What to do:
Which lines of the listing below contain the word "with"? Return them.

[Data supplied — start]

abbreviation sols :: "'a lit set set" where
  "sols \<equiv> snd (restr (phi V E) A)"

lemma edge_endpoints: "{u, v} \<in> E \<Longrightarrow> u \<in> V \<and> v \<in> V \<and> u \<noteq> v"
  using graph unfolding simple_graph_def by fastforce

lemma total_on_V_S0: "total_on V S0"
  using S0 by (simp add: snd_phi)

lemma mem_sols_iff: "S \<in> sols \<longleftrightarrow> total_on free S \<and> covers E (S \<union> A)"
proof -
  have "total_on V (S \<union> A)" if "total_on free S"
  proof -
    have "fst ` A \<subseteq> V"
      using A_S0 total_on_V_S0 unfolding total_on_def by force
    then have "free \<union> fst ` A = V" and "free \<inter> fst ` A = {}"
      by auto
    then show ?thesis
      using total_on_Un[OF that total_on_subset_lits[OF total_on_V_S0 A_S0]] by simp
  qed
  then show ?thesis
    by (auto simp: restr_def phi_def covers_def)
qed

lemma total_on_sols_Un: "S \<in> sols \<Longrightarrow> total_on V (S \<union> A)"
  by (simp add: restr_def phi_def)

lemma S0_Diff_mem_sols: "S0 - A \<in> sols"
proof -
  have "S0 - A \<union> A = S0"
    using A_S0 by auto
  then show ?thesis
    using S0 total_on_Diff[OF total_on_V_S0 A_S0] by (simp add: mem_sols_iff snd_phi)
qed

lemma finite_sols: "finite sols"
proof (rule finite_subset)
  show "sols \<subseteq> Pow (free \<times> UNIV)"
    using mem_sols_iff unfolding total_on_def by blast
  show "finite (Pow (free \<times> (UNIV :: bool set)))"
    using graph by (simp add: simple_graph_def)
qed

lemma card_sols_split:
  assumes "x \<in> free"
  shows "card sols = card {S \<in> sols. (x, True) \<in> S} + card {S \<in> sols. (x, False) \<in> S}"
proof -
  have "((x, True) \<in> S) \<noteq> ((x, False) \<in> S)" if "S \<in> sols" for S
    using that assms by (simp add: mem_sols_iff total_on_def)
  then have "sols = {S \<in> sols. (x, True) \<in> S} \<union> {S \<in> sols. (x, False) \<in> S}"
    and "{S \<in> sols. (x, True) \<in> S} \<inter> {S \<in> sols. (x, False) \<in> S} = {}"
    by blast+
  then show ?thesis
    using finite_sols card_Un_disjoint by (metis (no_types, lifting) finite_Un)
qed

lemma card_false_le_card_true:
  assumes x: "x \<in> free"
  shows "card {S \<in> sols. (x, False) \<in> S} \<le> card {S \<in> sols. (x, True) \<in> S}"
proof -
  define set_true where "set_true S = (S - {x} \<times> UNIV) \<union> {(x, True)}" for S :: "'a lit set"
  have "set_true S \<in> {S \<in> sols. (x, True) \<in> S}" if "S \<in> sols" for S
  proof -
    have "total_on free (set_true S)"
      unfolding set_true_def
      by (rule total_on_override) (use that x in \<open>auto simp: mem_sols_iff total_on_def\<close>)
    moreover have "covers E (set_true S \<union> A)"
      using that unfolding mem_sols_iff covers_def set_true_def by blast
    ultimately show ?thesis
      by (simp add: mem_sols_iff set_true_def)
  qed
  moreover have "inj_on set_true {S \<in> sols. (x, False) \<in> S}"
  proof (rule inj_onI)
    fix S S' assume S: "S \<in> {S \<in> sols. (x, False) \<in> S}" "S' \<in> {S \<in> sols. (x, False) \<in> S}"
      and eq: "set_true S = set_true S'"
    have "(x, True) \<notin> S" "(x, True) \<notin> S'"
      using S x by (auto simp: mem_sols_iff total_on_def)
    then have "S = (set_true S - {(x, True)}) \<union> {(x, False)}"
      and "S' = (set_true S' - {(x, True)}) \<union> {(x, False)}"
      using S unfolding set_true_def by blast+
    with eq show "S = S'"
      by simp
  qed
  ultimately show ?thesis
    using finite_sols by (intro card_inj_on_le) auto
qed

lemma sols_neighbour_true:
  assumes S: "S \<in> sols" and "\<not> forced1 E A x" and "{x, v} \<in> E" and "v \<notin> Nu E A x"
  shows "(v, True) \<in> S \<union> A"
proof (cases "v \<in> fst ` A")
  case True
  then obtain b where "(v, b) \<in> A"
    by force
  moreover have "(v, False) \<notin> A"
    using assms(2,3) unfolding forced1_def by blast
  ultimately show ?thesis
    by (cases b) auto
next
  case False
  with assms(3,4) have "forced1 E A v"
    by (simp add: Nu_def)
  then obtain z where z: "{v, z} \<in> E" "(z, False) \<in> A"
    unfolding forced1_def by blast
  have "(z, True) \<notin> S \<union> A"
    using total_on_lit_unique[OF total_on_sols_Un[OF S], of z True False] z(2) by auto
  moreover have "(v, True) \<in> S \<union> A \<or> (z, True) \<in> S \<union> A"
    using S z(1) unfolding mem_sols_iff covers_def by blast
  ultimately show ?thesis
    by blast
qed

lemma card_sols_le_false:
  assumes x: "x \<in> free" and not_forced: "\<not> forced1 E A x"
  shows "card sols \<le> card {S \<in> sols. (x, False) \<in> S} * 2 ^ (card (Nu E A x) + 1)"
proof -
  define K where "K = Nu E A x"
  define D where "D = insert x K"
  define R where "R = insert (x, False) (K \<times> {True})"
  define drop where "drop S = (S - D \<times> UNIV) \<union> R" for S :: "'a lit set"
  have K_free: "K \<subseteq> free" and x_K: "x \<notin> K"
    using edge_endpoints edge_endpoints[of x x] unfolding K_def Nu_def by auto
  have D_free: "D \<subseteq> free"
    using K_free x by (simp add: D_def)
  have "finite K"
    using K_free graph finite_subset unfolding simple_graph_def by blast
  then have card_D: "card D = card K + 1"
    using x_K by (simp add: D_def)
  have R_D: "R \<subseteq> D \<times> UNIV" and total_R: "total_on D R"
    using x_K unfolding R_def D_def total_on_def by auto
  have "drop S \<in> {S \<in> sols. (x, False) \<in> S}" if S: "S \<in> sols" for S
  proof -
    have "total_on free (drop S)"
      unfolding drop_def using S D_free total_R by (intro total_on_override) (auto simp: mem_sols_iff)
    moreover have "covers E (drop S \<union> A)"
      unfolding covers_def
    proof (intro allI impI)
      fix a b assume ab: "{a, b} \<in> E"
      have kept: "(v, True) \<in> drop S \<union> A" if "(v, True) \<in> S \<union> A" "v \<noteq> x" for v
        using that by (auto simp: drop_def D_def R_def)
      have neighbour: "(v, True) \<in> drop S \<union> A" if "{x, v} \<in> E" for v
      proof (cases "v \<in> K")
        case True
        then show ?thesis by (simp add: drop_def R_def)
      next
        case False
        then have "(v, True) \<in> S \<union> A"
          using sols_neighbour_true[OF S not_forced that] by (simp add: K_def)
        moreover have "v \<noteq> x"
          using edge_endpoints[OF that] by auto
        ultimately show ?thesis
          by (rule kept)
      qed
      show "(a, True) \<in> drop S \<union> A \<or> (b, True) \<in> drop S \<union> A"
      proof (cases "a = x \<or> b = x")
        case True
        then show ?thesis
          using neighbour ab by (metis insert_commute)
      next
        case False
        then show ?thesis
          using kept S ab unfolding mem_sols_iff covers_def by blast
      qed
    qed
    ultimately show ?thesis
      by (simp add: mem_sols_iff drop_def R_def)
  qed
  then have "drop ` sols \<subseteq> {S \<in> sols. (x, False) \<in> S}"
    by blast
  moreover have "card {S \<in> sols. drop S = t} \<le> 2 ^ card D" for t
  proof (rule card_total_on_agreeing_le[where W = free])
    show "S - D \<times> UNIV = S' - D \<times> UNIV"
      if "S \<in> {S \<in> sols. drop S = t}" "S' \<in> {S \<in> sols. drop S = t}" for S S'
    proof -
      have "S - D \<times> UNIV = drop S - D \<times> UNIV" "S' - D \<times> UNIV = drop S' - D \<times> UNIV"
        using R_D unfolding drop_def by blast+
      with that show ?thesis
        by simp
    qed
  qed (use \<open>finite K\<close> D_free in \<open>auto simp: D_def mem_sols_iff\<close>)
  ultimately show ?thesis
    using card_le_card_mult_fibres[of "{S \<in> sols. (x, False) \<in> S}" drop sols] finite_sols card_D
    by (simp add: K_def)
qed

end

[Data supplied — finish]

Written solution:
    with eq show "S = S'"
  with assms(3,4) have "forced1 E A v"
      with that show ?thesis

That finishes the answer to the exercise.